Em meio a uma das fases mais desafiadoras dos últimos anos, a Alemanha se vê diante de uma crise silenciosa que ultrapassa os muros das casas e sacode a opinião pública. O aumento expressivo da violência doméstica expõe uma ferida social ainda aberta, agravada por tensões econômicas, desigualdades estruturais e barreiras culturais. Enquanto o país busca respostas, o problema afeta milhares — especialmente mulheres. O cenário serve de alerta não apenas para os alemães, mas também para o restante da Europa.
Casos em alta e uma estatística chocante
Em 2024, a Alemanha registrou 256.942 casos de violência doméstica — o número mais alto desde o início dos registros oficiais. O aumento foi de 3,7% em relação a 2023, segundo dados da Polícia Criminal Federal (BKA). Porém, especialistas alertam que esses números podem ser apenas a ponta do iceberg, já que muitos crimes não são denunciados.
A realidade é ainda mais preocupante quando se observa o perfil das vítimas: quase 80% são mulheres, e o número de feminicídios em 2023 foi quase três vezes maior que no ano anterior. Em média, uma mulher é assassinada por seu parceiro ou ex-parceiro a cada dia no país.
Respostas governamentais e novos projetos de lei
Diante da gravidade da situação, o governo alemão tem adotado medidas emergenciais. Inspirando-se em iniciativas da Espanha, a Alemanha discute a adoção nacional de tornozeleiras eletrônicas para agressores reincidentes — já em uso nos estados de Hesse e Saxônia.
Em fevereiro de 2025, o Bundesrat aprovou uma lei que obriga todos os estados federados a fornecerem serviços gratuitos de proteção e aconselhamento para as vítimas. O governo federal destinará 2,6 bilhões de euros entre 2027 e 2036 para financiar essas ações.

Imigrantes enfrentam desafios ainda maiores
Outro dado alarmante: 69% das mulheres acolhidas em abrigos em 2023 não nasceram na Alemanha.
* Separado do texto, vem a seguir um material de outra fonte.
lemma antimono_inverse_Sup: "f (Sup S) = Inf (f ` S)"
proof (rule antisym)
  show "f (Sup S) \<le> Inf (f ` S)"
    by (auto intro!: INF_greatest antimonoD[OF f_antimono] Sup_upper)
  have "Sup S \<le> g (Inf (f ` S))"
    by (rule Sup_least) (metis g_f INF_lower antimonoD[OF g_antimono])
  then show "Inf (f ` S) \<le> f (Sup S)"
    by (metis f_g antimonoD[OF f_antimono])
qed

lemma cji_antimono_inverse: "cmi m \<Longrightarrow> cji (g m)"
  unfolding cji_def cmi_def by (metis antimono_inverse_Sup f_g g_f imageE)

lemma kappa_antimono_inverse:
  assumes "completely_join_prime j"
  shows "kappa (g (kappa j)) = g j"
proof (rule kappa_eqI)
  fix a
  have "g (kappa j) \<le> a \<longleftrightarrow> \<not> j \<le> f a"
    using antimono_inverse_le_iff le_kappa_iff[OF assms] by simp
  then show "\<not> g (kappa j) \<le> a \<longleftrightarrow> a \<le> g j"
    using le_antimono_inverse_iff by simp
qed

end

locale complete_perfect_DqRA =
  fixes mult :: "'a::complete_lattice \<Rightarrow> 'a \<Rightarrow> 'a"
    and one :: 'a
    and tld mn ng :: "'a \<Rightarrow> 'a"
  assumes DqRA: "DqRA mult one tld mn ng"
    and perfect: "perfect TYPE('a)"
begin

lemma mult_assoc: "mult (mult a b) c = mult a (mult b c)"
  and mult_one_left: "mult one a = a"
  and mult_one_right: "mult a one = a"
  and mult_le_iff_le_mn: "mult a b \<le> c \<longleftrightarrow> a \<le> mn (mult b (tld c))"
  and mult_le_iff_le_tld: "mult a b \<le> c \<longleftrightarrow> b \<le> tld (mult (mn c) a)"
  using DqRA unfolding DqRA_def qRA_def InFL_algebra_def by blast+

lemma ng_ng: "ng (ng a) = a"
  and ng_inf: "ng (inf a b) = sup (ng a) (ng b)"
  and ng_mult: "ng (mult a b) = mn (mult (tld (ng b)) (tld (ng a)))"
  using DqRA unfolding DqRA_def qRA_def infl_plus_def by blast+

lemma inf_sup_distrib: "inf (a::'a) (sup b c) = sup (inf a b) (inf a c)"
  using DqRA unfolding DqRA_def by blast

lemma join_dense: "(a::'a) = Sup {j. cji j \<and> j \<le> a}"
  and meet_dense: "(a::'a) = Inf {m. cmi m \<and> a \<le> m}"
  using perfect unfolding perfect_def by blast+

lemma completely_join_prime: "cji (j::'a) \<Longrightarrow> completely_join_prime j"
  by (rule cji_completely_join_prime[OF inf_sup_distrib meet_dense])

lemma mn_tld: "mn (tld c) = c"
  by (metis mult_le_iff_le_mn mult_one_left mult_one_right order.antisym order.refl)

lemma tld_mn: "tld (mn c) = c"
  by (metis mult_le_iff_le_tld mult_one_left mult_one_right order.antisym order.refl)

lemma mult_mono_left: "a \<le> a' \<Longrightarrow> mult a b \<le> mult a' b"
  by (meson order.refl order_trans mult_le_iff_le_mn)

lemma mult_mono_right: "b \<le> b' \<Longrightarrow> mult a b \<le> mult a b'"
  by (meson order.refl order_trans mult_le_iff_le_tld)

lemma le_mn_iff: "a \<le> mn b \<longleftrightarrow> mult a b \<le> mn one"
  using mult_le_iff_le_mn[of a b "mn one"] tld_mn mult_one_right by simp

lemma le_tld_iff: "b \<le> tld a \<longleftrightarrow> mult a b \<le> tld one"
  using mult_le_iff_le_tld[of a b "tld one"] mn_tld mult_one_left mult_one_right by simp

lemma antimono_mn: "antimono mn"
  by (rule antimonoI) (meson le_mn_iff mult_mono_right order.refl order_trans)

lemma antimono_tld: "antimono tld"
  by (rule antimonoI) (meson le_tld_iff mult_mono_left order.refl order_trans)

lemma antimono_ng: "antimono ng"
  by (rule antimonoI) (metis inf.absorb1 ng_inf sup.cobounded2)

lemma le_mn_iff_le_tld: "a \<le> mn b \<longleftrightarrow> b \<le> tld a"
  by (metis antimonoD antimono_mn antimono_tld tld_mn mn_tld)

lemma tld_le_iff_mn_le: "tld a \<le> b \<longleftrightarrow> mn b \<le> a"
  by (metis antimonoD antimono_mn antimono_tld mn_tld tld_mn)

lemma tld_one: "tld one = mn one"
proof -
  have "mult one b \<le> mn one \<longleftrightarrow> mult one b \<le> tld one" for b
    using le_mn_iff le_mn_iff_le_tld le_tld_iff by blast
  then show ?thesis
    using order.refl order.antisym mult_one_left by metis
qed

lemma mult_le_zero_rotate: "mult a b \<le> mn one \<longleftrightarrow> mult b (tld (tld a)) \<le> mn one"
  by (metis le_mn_iff le_tld_iff mn_tld tld_one)

lemma mult_Sup_left: "mult (Sup A) b = (SUP a\<in>A. mult a b)"
proof (rule antisym)
  show "mult (Sup A) b \<le> (SUP a\<in>A. mult a b)"
    unfolding mult_le_iff_le_mn by (rule Sup_least) (metis mult_le_iff_le_mn SUP_upper)
qed (rule SUP_least, simp add: mult_mono_left Sup_upper)

lemma mult_Sup_right: "mult a (Sup B) = (SUP b\<in>B. mult a b)"
proof (rule antisym)
  show "mult a (Sup B) \<le> (SUP b\<in>B. mult a b)"
    unfolding mult_le_iff_le_tld by (rule Sup_least) (metis mult_le_iff_le_tld SUP_upper)
qed (rule SUP_least, simp add: mult_mono_right Sup_upper)

lemma cji_le_mult_left:
  assumes "cji c" and "c \<le> mult a b"
  obtains a' where "cji a'" "a' \<le> a" "c \<le> mult a' b"
proof -
  have "c \<le> (SUP a'\<in>{j. cji j \<and> j \<le> a}. mult a' b)"
    using assms(2) join_dense[of a] mult_Sup_left by metis
  then show ?thesis
    using that completely_join_prime[OF assms(1)] unfolding completely_join_prime_def by blast
qed

lemma cji_le_mult_right:
  assumes "cji c" and "c \<le> mult a b"
  obtains b' where "cji b'" "b' \<le> b" "c \<le> mult a b'"
proof -
  have "c \<le> (SUP b'\<in>{j. cji j \<and> j \<le> b}. mult a b')"
    using assms(2) join_dense[of b] mult_Sup_right by metis
  then show ?thesis
    using that completely_join_prime[OF assms(1)] unfolding completely_join_prime_def by blast
qed

lemma cji_tld_kappa: "cji x \<Longrightarrow> cji (tld (kappa x))"
  and kappa_tld_kappa: "cji x \<Longrightarrow> kappa (tld (kappa x)) = tld x"
  using cji_antimono_inverse[of mn tld] kappa_antimono_inverse[of mn tld]
  by (simp_all add: antimono_mn antimono_tld mn_tld tld_mn completely_join_prime cmi_kappa)

lemma cji_mn_kappa: "cji x \<Longrightarrow> cji (mn (kappa x))"
  and kappa_mn_kappa: "cji x \<Longrightarrow> kappa (mn (kappa x)) = mn x"
  using cji_antimono_inverse[of tld mn] kappa_antimono_inverse[of tld mn]
  by (simp_all add: antimono_mn antimono_tld mn_tld tld_mn completely_join_prime cmi_kappa)

lemma cji_ng_kappa: "cji x \<Longrightarrow> cji (ng (kappa x))"
  and kappa_ng_kappa: "cji x \<Longrightarrow> kappa (ng (kappa x)) = ng x"
  using cji_antimono_inverse[of ng ng] kappa_antimono_inverse[of ng ng]
  by (simp_all add: antimono_ng ng_ng completely_join_prime cmi_kappa)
Fatores como barreiras linguísticas, falta de rede de apoio e dependência econômica tornam o enfrentamento da violência ainda mais difícil para migrantes.
O reflexo na Europa: problema comum, respostas diversas
Outros países da Europa também enfrentam aumentos significativos de violência doméstica. Na Itália, as denúncias cresceram 57% em 2024, e casos como o assassinato de Giulia Cecchettin causaram comoção nacional. Em Portugal, houve mais de 15 mil denúncias e 1.281 prisões.
Na Espanha, campanhas de conscientização reduziram os feminicídios em um terço desde 2003, embora os crimes sexuais sigam em alta. Já no Reino Unido, 2,3 milhões de pessoas foram vítimas em apenas um ano, e muitas mulheres permanecem com o agressor por falta de recursos.
Na Polônia e Romênia, os números também são alarmantes. Políticas como reeducação obrigatória e confiscos de armas têm sido adotadas para tentar frear a violência.
Conclusão:
A escalada da violência doméstica na Alemanha revela uma crise estrutural que exige ação imediata. O impacto é global, e a resposta também precisa ser. Mais do que leis, é preciso uma mudança cultural que comece com informação, empatia e apoio real às vítimas.